Pas d’intérêts moratoires sur acomptes versés avant l’établissement de l’imposition

Les intérêts moratoires dus par l’administration en cas de dégrèvement contentieux prononcé à la suite d’une erreur dans l’assiette ou le calcul de l’impôt ne peuvent pas courir avant l’établissement de l’impôt en cause, indépendamment d’éventuels acomptes versés en application des règles de recouvrement.

En cas de dégrèvement prononcé par un tribunal ou par l’administration à la suite d’une réclamation portant sur une erreur commise dans l’assiette ou dans le calcul des impositions, les sommes déjà perçues sont remboursées au contribuable et donnent lieu au paiement d’intérêts moratoires calculés à compter du jour du paiement des impositions concernées (LPF art.

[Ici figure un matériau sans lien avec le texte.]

(* Let $p$ be an odd prime and let $d\in\mathbb{Z}$ with $\left(\frac{-d}{p}\right)=-1$. For an integer $m\ge 0$ put $S_m(d,p)=\det\left[(j^2+dk^2)^m\right]_{1\le j,k\le (p-1)/2}$. (i) We have $\left(\frac{S_{p-2}(d,p)}{p}\right)=\left(\frac 2p\right)$. Moreover, $$\det\left[\frac1{j^2+dk^2}\right]_{1\le j,k\le (p-1)/2}\equiv\begin{cases}d^{(p-1)/4}\pmod p&\text{if } p\equiv1\pmod4,\\(-1)^{(p+1)/4}\pmod p&\text{if } p\equiv3\pmod4.\end{cases}$$ (ii) We have $\left(\frac{S_{p-3}(d,p)}{p}\right)=\frac{1-\left(\frac{-1}{p}\right)}{2}$. Moreover, when $p\equiv3\pmod4$, $$\det\left[\frac1{(j^2+dk^2)^2}\right]_{1\le j,k\le (p-1)/2}\equiv\frac14\prod_{r=1}^{(p-3)/4}\left(r+\frac14\right)^2\pmod p.$$
   Context: $\left(\frac{\cdot}{p}\right)$ is the Legendre symbol. Since $\left(\frac{-d}{p}\right)=-1$, no $j^2+dk^2$ with $1\le j,k\le(p-1)/2$ is divisible by $p$, so the determinants above are rational numbers whose denominators are prime to $p$; congruences modulo $p$ between such rationals are understood in the ring of rationals with denominator prime to $p$. *)

theory Defs
  imports "HOL-Number_Theory.Number_Theory" "Jordan_Normal_Form.Determinant"
begin

definition rat_cong :: "rat \<Rightarrow> rat \<Rightarrow> int \<Rightarrow> bool" where
  "rat_cong a b p \<longleftrightarrow> (\<exists>x y :: int. p dvd x \<and> \<not> p dvd y \<and> a - b = of_int x / of_int y)"

text \<open>S_m(d,p) = det[(j^2+dk^2)^m]_{1<=j,k<=(p-1)/2} (indices shifted to 0-based).\<close>
definition S :: "nat \<Rightarrow> int \<Rightarrow> nat \<Rightarrow> int" where
  "S m d p = det (mat ((p - 1) div 2) ((p - 1) div 2)
      (\<lambda>(j, k). (int (j + 1) ^ 2 + d * int (k + 1) ^ 2) ^ m))"

definition Dinv :: "nat \<Rightarrow> int \<Rightarrow> nat \<Rightarrow> rat" where
  "Dinv e d p = det (mat ((p - 1) div 2) ((p - 1) div 2)
      (\<lambda>(j, k). 1 / (of_int (int (j + 1) ^ 2 + d * int (k + 1) ^ 2)) ^ e))"

end

theory Submission
  imports Defs
begin

(* Write n = (p - 1) / 2 and x_k = (k + 1)^2 for k < n, so that the x_k are the nonzero squares
   mod p and their e-th power sum is n or 0 mod p according as n divides e or not.
   For m + s = 2n, multiplying M = ((x_j + d x_k)^m) by (x_k^(b+s)) and expanding binomially,
   these power sums kill all but two terms of each entry, so the product is congruent to
   V * diag (n c_b) with V = (x_k^b). Since det V is prime to p, this gives
   S_m(d,p) * prod_k x_k^s == prod_b n c_b (mod p).
   For m = p - 2 and m = p - 3 the binomial coefficients are (-1)^l (l+1) and
   (-1)^l (l+1)(l+2)/2 mod p, and d^n == -(-1)^n because -d is a non-residue; this evaluates
   the product. Wilson's theorem gives (n!)^2 == (-1)^(n+1), and Euler's criterion together with
   Gauss' lemma for (2/p) yields the Legendre symbols. The rational determinants reduce to
   S_(p-1-e) since 1/D^e == D^(p-1-e) in the ring of p-integral rationals. *)

definition p_integral :: "int \<Rightarrow> rat \<Rightarrow> bool" where
  "p_integral p q \<longleftrightarrow> (\<exists>x y :: int. \<not> p dvd y \<and> q = of_int x / of_int y)"

context
  fixes p :: int
  assumes prime_p: "prime p"
begin

lemma of_int_p_nonzero: "(of_int p :: rat) \<noteq> 0"
  using prime_p by auto

lemma p_integral_of_int [simp]: "p_integral p (of_int a)"
  unfolding p_integral_def using not_prime_unit[of p] prime_p
  by (intro exI[of _ a] exI[of _ 1]) auto

lemma p_integral_add:
  assumes "p_integral p a" "p_integral p b"
  shows "p_integral p (a + b)"
proof -
  obtain x1 y1 x2 y2 where "\<not> p dvd y1" "a = of_int x1 / of_int y1"
    "\<not> p dvd y2" "b = of_int x2 / of_int y2"
    using assms unfolding p_integral_def by blast
  moreover from this have "a + b = of_int (x1 * y2 + x2 * y1) / of_int (y1 * y2)"
    by (cases "y1 = 0 \<or> y2 = 0") (auto simp: field_simps)
  ultimately show ?thesis
    unfolding p_integral_def using prime_p by (metis prime_dvd_mult_iff)
qed

lemma p_integral_mult:
  assumes "p_integral p a" "p_integral p b"
  shows "p_integral p (a * b)"
proof -
  obtain x1 y1 x2 y2 where "\<not> p dvd y1" "a = of_int x1 / of_int y1"
    "\<not> p dvd y2" "b = of_int x2 / of_int y2"
    using assms unfolding p_integral_def by blast
  moreover from this have "a * b = of_int (x1 * x2) / of_int (y1 * y2)"
    by simp
  ultimately show ?thesis
    unfolding p_integral_def using prime_p by (metis prime_dvd_mult_iff)
qed

lemma p_integral_prod: "(\<And>i. i \<in> A \<Longrightarrow> p_integral p (f i)) \<Longrightarrow> p_integral p (\<Prod>i\<in>A. f i)"
proof (induction A rule: infinite_finite_induct)
  case (insert x F)
  then show ?case by (simp add: p_integral_mult)
qed (metis of_int_1 p_integral_of_int prod.infinite prod.empty)+

lemma rat_cong_iff_p_integral: "rat_cong a b p \<longleftrightarrow> p_integral p ((a - b) / of_int p)"
proof
  assume "rat_cong a b p"
  then obtain x y where "\<not> p dvd y" "a - b = of_int (p * x) / of_int y"
    unfolding rat_cong_def by (metis dvdE)
  then show "p_integral p ((a - b) / of_int p)"
    unfolding p_integral_def using of_int_p_nonzero by (intro exI[of _ x] exI[of _ y]) auto
next
  assume "p_integral p ((a - b) / of_int p)"
  then obtain x y where "\<not> p dvd y" "(a - b) / of_int p = of_int x / of_int y"
    unfolding p_integral_def by blast
  moreover from this have "a - b = of_int (p * x) / of_int y"
    using of_int_p_nonzero by (simp add: divide_eq_eq)
  ultimately show "rat_cong a b p"
    unfolding rat_cong_def using dvd_triv_left[of p x] by blast
qed

lemma rat_cong_refl: "rat_cong a a p"
  unfolding rat_cong_iff_p_integral by (metis diff_self div_0 of_int_0 p_integral_of_int)

lemma rat_cong_sym: "rat_cong a b p \<Longrightarrow> rat_cong b a p"
  unfolding rat_cong_iff_p_integral
  by (drule p_integral_mult[OF p_integral_of_int[of "-1"]]) (simp add: minus_divide_left)

lemma rat_cong_add: "rat_cong a b p \<Longrightarrow> rat_cong c d p \<Longrightarrow> rat_cong (a + c) (b + d) p"
  unfolding rat_cong_iff_p_integral
  by (drule (1) p_integral_add) (simp add: diff_divide_distrib add_divide_distrib algebra_simps)

lemma rat_cong_trans: "rat_cong a b p \<Longrightarrow> rat_cong b c p \<Longrightarrow> rat_cong a c p"
  unfolding rat_cong_iff_p_integral
  by (drule (1) p_integral_add) (simp add: diff_divide_distrib add_divide_distrib)

lemma rat_cong_mult:
  assumes "rat_cong a b p" "rat_cong c d p" "p_integral p b" "p_integral p c"
  shows "rat_cong (a * c) (b * d) p"
proof -
  have "(a * c - b * d) / of_int p = (a - b) / of_int p * c + b * ((c - d) / of_int p)"
    using of_int_p_nonzero by (simp add: field_simps)
  moreover have "p_integral p ((a - b) / of_int p * c + b * ((c - d) / of_int p))"
    using assms unfolding rat_cong_iff_p_integral by (intro p_integral_add p_integral_mult)
  ultimately show ?thesis
    unfolding rat_cong_iff_p_integral by simp
qed

lemma rat_cong_p_integral:
  assumes "rat_cong a b p" "p_integral p b"
  shows "p_integral p a"
proof -
  have "a = (a - b) / of_int p * of_int p + b"
    using of_int_p_nonzero by simp
  then show ?thesis
    using assms unfolding rat_cong_iff_p_integral
    by (metis p_integral_add p_integral_mult p_integral_of_int)
qed

lemma rat_cong_sum:
  "(\<And>i. i \<in> A \<Longrightarrow> rat_cong (f i) (g i) p) \<Longrightarrow> rat_cong (\<Sum>i\<in>A. f i) (\<Sum>i\<in>A. g i) p"
  by (induction A rule: infinite_finite_induct) (auto intro: rat_cong_refl rat_cong_add)

lemma rat_cong_prod:
  assumes "\<And>i. i \<in> A \<Longrightarrow> rat_cong (f i) (g i) p" "\<And>i. i \<in> A \<Longrightarrow> p_integral p (g i)"
  shows "rat_cong (\<Prod>i\<in>A. f i) (\<Prod>i\<in>A. g i) p"
  using assms
proof (induction A rule: infinite_finite_induct)
  case (insert x F)
  have "p_integral p (\<Prod>i\<in>F. f i)"
    using insert by (metis insert_iff p_integral_prod rat_cong_p_integral)
  with insert show ?case
    by (simp add: rat_cong_mult)
qed (simp_all add: rat_cong_refl)

lemma rat_cong_of_int_iff: "rat_cong (of_int a) (of_int b) p \<longleftrightarrow> [a = b] (mod p)"
proof
  assume "rat_cong (of_int a) (of_int b) p"
  then obtain x y where xy: "p dvd x" "\<not> p dvd y" "of_int a - of_int b = (of_int x / of_int y :: rat)"
    unfolding rat_cong_def by blast
  then have "(a - b) * y = x"
    by (cases "y = 0") (auto simp: field_simps simp flip: of_int_diff of_int_mult)
  with xy have "p dvd (a - b) * y"
    by simp
  with xy prime_p show "[a = b] (mod p)"
    by (simp add: prime_dvd_mult_iff cong_iff_dvd_diff)
next
  assume "[a = b] (mod p)"
  then show "rat_cong (of_int a) (of_int b) p"
    unfolding rat_cong_def cong_iff_dvd_diff using not_prime_unit[of p] prime_p
    by (intro exI[of _ "a - b"] exI[of _ 1]) auto
qed

lemma rat_cong_of_int_divide:
  assumes "\<not> p dvd c" "[c * a = b] (mod p)"
  shows "rat_cong (of_int a) (of_int b / of_int c) p"
proof -
  have "of_int a - of_int b / of_int c = (of_int (c * a - b) / of_int c :: rat)"
    using assms(1) by (cases "c = 0") (auto simp: field_simps)
  then show ?thesis
    unfolding rat_cong_def using assms by (metis cong_iff_dvd_diff)
qed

L 208).

En l’espèce, la cour administrative d’appel de Versailles a jugé qu’une société était fondée à solliciter le paiement d’intérêts moratoires complémentaires à raison d’une réduction de cotisation sur la valeur ajoutée (CVAE) obtenue au titre de 2014 et 2015 dans la mesure où, selon elle, les intérêts moratoires auxquels la contribuable avait droit couraient à compter du versement de chaque acompte au paiement duquel elle était tenue, au plus tard le 15 juin et le 15 septembre de l’année d’imposition.

Toutefois, le Conseil d’État considère qu’en statuant ainsi, la cour a commis une erreur de droit. Il précise qu’en cas de dégrèvement de CVAE, les intérêts ne peuvent pas courir à raison d’une période antérieure à la liquidation du solde de la cotisation et donc à compter du versement de chaque acompte. Il s’aligne ainsi sur la doctrine administrative (BOI-CTX-DG-20-50-30 nos 60 à 80) selon laquelle lorsque l'impôt dégrevé a donné lieu au paiement d'acomptes, le point de départ des intérêts moratoires se situe, au plus tôt, à la date de liquidation du solde de l'impôt.

Cette décision infirme la jurisprudence adoptée jusqu’à présent par les juges du fond qui procédaient à une application stricte de la lettre de l'article L 208 du LPF selon lequel les intérêts courent du jour du paiement, le versement d’un acompte provisionnel constituant un paiement (TA Melun 3-10-1999 n° 1703756 ; TA Montreuil 30-6-2020 n° 1903767, 1907448).

Attention. Si, en l’espèce, la solution concerne la CVAE qui sera supprimée à compter de 2024, elle conserve néanmoins un intérêt dans la mesure où elle est susceptible de concerner tous les autres impôts donnant lieu au versement d’acomptes, tels l’impôt sur les sociétés, la cotisation foncière des entreprises ou, encore, l’impôt sur le revenu.